India’s capital has reserved hospital beds for residents as the country again recorded a record spike in coronavirus cases and the sick flocked in from the provinces.

The world’s second most populous nation on Sunday announced close to 10,000 new infections, while neighbouring Pakistan passed 2,000 deaths.

The sharp acceleration in the neighbouring countries has added to fears that a region that is home to a fifth of humanity is becoming a new hotspot for Covid-19.

The mounting figures in South Asia’s neighbours heightened concerns among international health officials that the region is poised to become a new hotspot for the pandemic.
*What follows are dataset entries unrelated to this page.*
(* Let $I$ be a finite index set of users. For each $i \in I$ let $p_i \in [0,1]$, $\Delta p_i \in \mathbb{R}$ with $p_i - \Delta p_i \in [0,1]$, and $a_i \in [0,1]$. Let $\mathrm{CPA} > 0$ and $\beta > 0$, and define $$J = \{ i \in I : \mathrm{CPA}\, p_i a_i > \beta \Delta p_i \}, \qquad K = \{ i \in I : \mathrm{CPA}\, p_i a_i < \beta \Delta p_i \}.$$ Assume it is not the case that $\mathrm{CPA}\, p_i a_i = \beta \Delta p_i$ for all $i \in I$. Suppose that $\sum_{j \in J} p_j a_j = \sum_{k \in K} p_k a_k$ and that this common value is positive. Define $$\mathscr{C}_1 = \frac{\sum_{j\in J} \beta \Delta p_j}{\sum_{j\in J} p_j a_j}, \qquad \mathscr{C}_2 = \frac{\sum_{k\in K} \mathrm{CPA}\, p_k a_k}{\sum_{k \in K} p_k a_k}.$$ Then $\mathscr{C}_1 < \mathscr{C}_2$.
   Context: Interpretation (real-time bidding for online ads): each $i\in I$ indexes an ad request from a distinct user $u_i$; $p_i$ is the action rate if the advertiser's ad is shown, $p_i-\Delta p_i$ the background action rate if it is not shown, $\Delta p_i$ the AR lift, and $a_i$ the probability that an action from $u_i$ is attributed to the DSP that wins $u_i$. $\mathrm{CPA}$ is the advertiser's cost per action. In pure second-price auctions with no other candidates, $DSP_1$ bids $\mathrm{CPA}\, p_i a_i$ and $DSP_2$ bids $\beta\Delta p_i$; $DSP_1$ wins users in $J$ paying $\beta\Delta p_j$ each, $DSP_2$ wins users in $K$ paying $\mathrm{CPA}\,p_k a_k$ each. The expected attributed actions are $\sum_J p_j a_j$ and $\sum_K p_k a_k$ (assumed equal). $\mathscr{C}_1,\mathscr{C}_2$ are the costs per attributed action of $DSP_1$ and $DSP_2$. The excluded case is $a_i = \frac{\beta}{\mathrm{CPA}}\cdot\frac{\Delta p_i}{p_i}$ for all $i$, i.e. both DSPs always bid the same price. *)

theory Defs
  imports Complex_Main
begin

end

theory Submission
  imports Defs
begin

text \<open>DSP_2 pays exactly its competitor's bid CPA p_k a_k on every user it wins, so its cost per
  attributed action is exactly CPA. DSP_1 pays \<beta> \<Delta>p_j, which is strictly below its own bid
  CPA p_j a_j on every user it wins; hence its cost per attributed action is strictly below CPA.\<close>

lemma sum_weighted_ratio_eq:
  fixes w :: "'a \<Rightarrow> real"
  assumes "sum w A \<noteq> 0"
  shows "(\<Sum>k\<in>A. c * w k) / sum w A = c"
  using assms by (simp add: sum_distrib_left[symmetric])

lemma sum_ratio_less_if_pointwise_less:
  fixes f w :: "'a \<Rightarrow> real"
  assumes "finite A" and "sum w A > 0" and "\<And>j. j \<in> A \<Longrightarrow> f j < c * w j"
  shows "sum f A / sum w A < c"
proof -
  have "A \<noteq> {}" using assms(2) by auto
  then have "sum f A < (\<Sum>j\<in>A. c * w j)"
    by (rule sum_strict_mono[OF assms(1)]) (use assms(3) in auto)
  also have "\<dots> = c * sum w A" by (simp add: sum_distrib_left)
  finally show ?thesis using assms(2) by (simp add: divide_less_eq)
qed

theorem theorem4:
  fixes I :: "'u set" and p dp a :: "'u \<Rightarrow> real" and CPA \<beta> :: real
    and J K :: "'u set"
  assumes "finite I"
    and "\<And>i. i \<in> I \<Longrightarrow> 0 \<le> p i \<and> p i \<le> 1"
    and "\<And>i. i \<in> I \<Longrightarrow> 0 \<le> p i - dp i \<and> p i - dp i \<le> 1"
    and "\<And>i. i \<in> I \<Longrightarrow> 0 \<le> a i \<and> a i \<le> 1"
    and "CPA > 0" and "\<beta> > 0"
    and J_def: "J = {i \<in> I. CPA * p i * a i > \<beta> * dp i}"
    and K_def: "K = {i \<in> I. CPA * p i * a i < \<beta> * dp i}"
    and "\<not> (\<forall>i\<in>I. CPA * p i * a i = \<beta> * dp i)"
    and "(\<Sum>j\<in>J. p j * a j) = (\<Sum>k\<in>K. p k * a k)"
    and "(\<Sum>j\<in>J. p j * a j) > 0"
  shows "(\<Sum>j\<in>J. \<beta> * dp j) / (\<Sum>j\<in>J. p j * a j)
         < (\<Sum>k\<in>K. CPA * p k * a k) / (\<Sum>k\<in>K. p k * a k)"
proof -
  have "finite J" using \<open>finite I\<close> J_def by simp
  moreover have "\<beta> * dp j < CPA * (p j * a j)" if "j \<in> J" for j
    using that J_def by (simp add: mult.assoc)
  ultimately have "(\<Sum>j\<in>J. \<beta> * dp j) / (\<Sum>j\<in>J. p j * a j) < CPA"
    using assms(11) by (intro sum_ratio_less_if_pointwise_less)
  also have "CPA = (\<Sum>k\<in>K. CPA * (p k * a k)) / (\<Sum>k\<in>K. p k * a k)"
    using assms(10,11) by (intro sum_weighted_ratio_eq[symmetric]) simp
  also have "\<dots> = (\<Sum>k\<in>K. CPA * p k * a k) / (\<Sum>k\<in>K. p k * a k)"
    by (simp only: mult.assoc)
  finally show ?thesis .
qed

end
lemma shaped_step:
  assumes I: "shaped_inv p K wM allowed hi lo E s m la lb lc le"
    and o: "oa \<le> Lrun p la" "ob \<le> Lrun p lb" "oc \<le> Lrun p lc" "oe \<le> Lrun p le"
    and D: "\<bar>image_length p E s m + int oc + int ob - int oa - int oe\<bar> \<le> K"
  shows "shaped_inv p K wM allowed hi lo (image_length p E s m + int oc + int ob - int oa - int oe)
    (E - s) s (block_letter p la oa) (block_letter p lb ob) (block_letter p lc oc) (block_letter p le oe)"
proof -
  define X where "X = E - (int p + 1) * s - m"
  define G where "G = image_length p E s m"
  define Dn where "Dn = G + int oc + int ob - int oa - int oe"
  have Dabs: "\<bar>Dn\<bar> \<le> K" using D by (simp add: Dn_def G_def)
  have allowed: "allowed s m" and IE: "\<bar>E\<bar> \<le> K" and Xlo: "lo s m - w la - w le \<le> X"
    and Xhi: "X \<le> hi s m + w lb + w lc"
    using I by (auto simp: shaped_inv_def X_def)
  have cand: "(s, m) \<in> set cands" by (rule allowed_cands[OF allowed])
  have E: "E \<in> set [-K..K]" using IE by auto
  obtain w1 r1 where P1: "(w1, r1) \<in> set pairsP" "w lb + w lc \<le> w1" "int (Lrun p lb) + int (Lrun p lc) \<le> r1"
    by (rule pair_runs_bound)
  obtain w2 r2 where P2: "(w2, r2) \<in> set pairsP" "w la + w le \<le> w2" "int (Lrun p la) + int (Lrun p le) \<le> r2"
    by (rule pair_runs_bound)
  have "X \<le> hi s m + w1 \<and> lo s m - w2 \<le> X \<and> -K \<le> G + r1 \<and> G - r2 \<le> K"
    using Xhi Xlo P1 P2 Dabs o unfolding Dn_def by auto
  then have allowed': "allowed (E - s) s"
    using allowed_ok cand E P1(1) P2(1) unfolding cert_allowed_def X_def G_def Let_def by fastforce
  obtain g1 where U: "(w lb + w lc, int ob + int oc, g1) \<in> set pairsU"
      "offset_gain p wM lb ob + offset_gain p wM lc oc \<le> g1"
    using pair_offsets_bound[OF o(2,3)] by blast
  have "X \<le> hi s m + (w lb + w lc) \<and> lo s m - 2 \<le> X \<and> -K \<le> G + (int ob + int oc)"
    using Xhi Xlo w_le_1[of la] w_le_1[of le] Dabs o unfolding Dn_def by auto
  then have upper: "g1 - max 0 (G + (int ob + int oc) - K) - m \<le> hi (E - s) s"
    using upper_ok cand E allowed' U(1) unfolding cert_upper_def X_def G_def Let_def by fastforce
  obtain g2 where L: "(w la + w le, int oa + int oe, g2) \<in> set pairsU"
      "offset_gain p wM la oa + offset_gain p wM le oe \<le> g2"
    using pair_offsets_bound[OF o(1,4)] by blast
  have "lo s m - (w la + w le) \<le> X \<and> X \<le> hi s m + 2 \<and> G - (int oa + int oe) \<le> K"
    using Xhi Xlo w_le_1[of lb] w_le_1[of lc] Dabs o unfolding Dn_def by auto
  then have lower: "lo (E - s) s \<le> - g2 + max 0 (-K - (G - (int oa + int oe))) - m"
    using lower_ok cand E allowed' L(1) unfolding cert_lower_def X_def G_def Let_def by fastforce
  have Xn: "Dn - (int p + 1) * (E - s) - s = int oc + int ob - int oa - int oe - m"
    unfolding Dn_def G_def image_length_def by (simp add: algebra_simps)
  have "max 0 (G + (int ob + int oc) - K) \<le> int oa + int oe"
    "max 0 (-K - (G - (int oa + int oe))) \<le> int ob + int oc"
    using Dabs unfolding Dn_def by auto
  then show ?thesis
    using Dabs allowed' Xn upper U(2) lower L(2)
    unfolding shaped_inv_def Dn_def G_def offset_gain_def by auto
qed

lemma shaped_top:
  assumes "shaped_inv p K wM allowed hi lo K s m la lb lc le"
  shows "K + int (Lrun p la) + int (Lrun p le) \<le> image_length p K s m"
proof -
  have allowed: "allowed s m" and Xlo: "lo s m - w la - w le \<le> K - (int p + 1) * s - m"
    and Xhi: "K - (int p + 1) * s - m \<le> hi s m + w lb + w lc"
    using assms by (auto simp: shaped_inv_def)
  obtain w1 r1 where P: "(w1, r1) \<in> set pairsP" "w la + w le \<le> w1"
    "int (Lrun p la) + int (Lrun p le) \<le> r1"
    by (rule pair_runs_bound)
  have "lo s m - w1 \<le> K - (int p + 1) * s - m \<and> K - (int p + 1) * s - m \<le> hi s m + 2"
    using Xlo Xhi P w_le_1[of lb] w_le_1[of lc] by auto
  then have "K + r1 \<le> image_length p K s m"
    using overshoot_ok allowed_cands[OF allowed] P(1) unfolding cert_overshoot_def Let_def by fastforce
  then show ?thesis using P by linarith
qed

lemma shaped_bottom:
  assumes "shaped_inv p K wM allowed hi lo (-K) s m la lb lc le"
  shows "image_length p (-K) s m + int (Lrun p lb) + int (Lrun p lc) \<le> -K"
proof -
  have allowed: "allowed s m" and Xlo: "lo s m - w la - w le \<le> -K - (int p + 1) * s - m"
    and Xhi: "-K - (int p + 1) * s - m \<le> hi s m + w lb + w lc"
    using assms by (auto simp: shaped_inv_def)
  obtain w1 r1 where P: "(w1, r1) \<in> set pairsP" "w lb + w lc \<le> w1"
    "int (Lrun p lb) + int (Lrun p lc) \<le> r1"
    by (rule pair_runs_bound)
  have "lo s m - 2 \<le> -K - (int p + 1) * s - m \<and> -K - (int p + 1) * s - m \<le> hi s m + w1"
    using Xlo Xhi P w_le_1[of la] w_le_1[of le] by auto
  then have "image_length p (-K) s m + r1 \<le> -K"
    using overshoot_ok allowed_cands[OF allowed] P(1) unfolding cert_overshoot_def Let_def by fastforce
  then show ?thesis using P by linarith
qed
Both countries are easing months of restrictions on commerce, travel and gatherings, just as cases and deaths are gathering speed.
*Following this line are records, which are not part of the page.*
lemma Gamma_count_eq_sum_indicators:
  assumes k: "k \<ge> 1" and w: "w \<in> space (gauss_matrix n)"
  shows "Gamma_count \<tau> n k w
    = (\<Sum>p\<in>k_subsets n k \<times> k_subsets n k. indicator (block_event (\<tau> * real k ^ 2) p) w)"
proof -
  have "{(R, C). R \<subseteq> {..<n} \<and> card R = k \<and> C \<subseteq> {..<n} \<and> card C = k \<and> avg_sub w R C \<ge> \<tau>}
      = {p \<in> k_subsets n k \<times> k_subsets n k. \<tau> \<le> avg_sub w (fst p) (snd p)}"
    by (auto simp: k_subsets_def)
  moreover have "(\<tau> \<le> avg_sub w (fst p) (snd p)) = (w \<in> block_event (\<tau> * real k ^ 2) p)"
    if "p \<in> k_subsets n k \<times> k_subsets n k" for p
  proof -
    have "card (fst p) = k" "card (snd p) = k" using that by (auto dest!: k_subsetsD)
    then have "avg_sub w (fst p) (snd p) = (\<Sum>e\<in>fst p \<times> snd p. w e) / (real k)\<^sup>2"
      unfolding avg_sub_def by (simp add: sum.cartesian_product power2_eq_square)
    then show ?thesis using k w by (simp add: le_divide_eq block_event_def)
  qed
  ultimately have "{(R, C). R \<subseteq> {..<n} \<and> card R = k \<and> C \<subseteq> {..<n} \<and> card C = k \<and> avg_sub w R C \<ge> \<tau>}
      = k_subsets n k \<times> k_subsets n k \<inter> {p. w \<in> block_event (\<tau> * real k ^ 2) p}"
    by auto
  then show ?thesis
    unfolding Gamma_count_def by (simp add: indicator_def finite_k_subsets)
qed

lemma expect_Gamma_eq:
  assumes k: "k \<ge> 1"
  shows "expect_Gamma \<tau> n k = (real (n choose k))\<^sup>2 * measure std_normal {\<tau> * real k..}"
proof -
  let ?K = "k_subsets n k"
  have "expect_Gamma \<tau> n k = (\<integral>w. (\<Sum>p\<in>?K \<times> ?K. indicator (block_event (\<tau> * real k ^ 2) p) w) \<partial>gauss_matrix n)"
    unfolding expect_Gamma_def by (intro Bochner_Integration.integral_cong refl Gamma_count_eq_sum_indicators k)
  also have "\<dots> = (\<Sum>p\<in>?K \<times> ?K. \<integral>w. indicator (block_event (\<tau> * real k ^ 2) p) w \<partial>gauss_matrix n)"
    by (rule Bochner_Integration.integral_sum)
      (auto intro!: integrable_real_indicator block_event_in_events simp: less_top[symmetric])
  also have "\<dots> = (\<Sum>p\<in>?K \<times> ?K. prob (block_event (\<tau> * real k ^ 2) p))"
    by (intro sum.cong refl) (simp add: block_event_def Int_absorb2)
  also have "\<dots> = (\<Sum>p\<in>?K \<times> ?K. measure std_normal {\<tau> * real k..})"
    using k by (intro sum.cong refl) (simp add: prob_block_event power2_eq_square)
  finally show ?thesis
    by (simp add: card_cartesian_product card_k_subsets power2_eq_square)
qed

lemma var_Gamma_eq:
  assumes k: "k \<ge> 1"
  shows "var_Gamma \<tau> n k = (\<Sum>p\<in>k_subsets n k \<times> k_subsets n k. \<Sum>p'\<in>k_subsets n k \<times> k_subsets n k.
      prob (block_event (\<tau> * real k ^ 2) p \<inter> block_event (\<tau> * real k ^ 2) p')
      - (measure std_normal {\<tau> * real k..})\<^sup>2)"
proof -
  let ?P = "k_subsets n k \<times> k_subsets n k"
  have "var_Gamma \<tau> n k = (\<integral>w. ((\<Sum>p\<in>?P. indicator (block_event (\<tau> * real k ^ 2) p) w)
      - real (card ?P) * measure std_normal {\<tau> * real k..})\<^sup>2 \<partial>gauss_matrix n)"
    unfolding var_Gamma_def expect_Gamma_eq[OF k]
    by (intro Bochner_Integration.integral_cong refl)
      (simp add: Gamma_count_eq_sum_indicators[OF k] card_cartesian_product card_k_subsets power2_eq_square)
  also have "\<dots> = (\<Sum>p\<in>?P. \<Sum>p'\<in>?P. prob (block_event (\<tau> * real k ^ 2) p \<inter> block_event (\<tau> * real k ^ 2) p')
      - (measure std_normal {\<tau> * real k..})\<^sup>2)"
    using k by (intro variance_sum_indicators)
      (auto simp: finite_k_subsets block_event_in_events prob_block_event power2_eq_square)
  finally show ?thesis .
qed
India reported 9,971 new coronavirus cases Sunday in another biggest single-day surge, a day before it prepares to reopen shopping malls, hotels and religious places after a 10-week lockdown.

India has now passed Spain as the fifth hardest-hit by the pandemic with 246,628 confirmed cases and 6,929 fatalities.

The worst affected cities have included the capital, New Delhi, the commercial capital, Mumbai, as well as the Western city of  Ahmedabad.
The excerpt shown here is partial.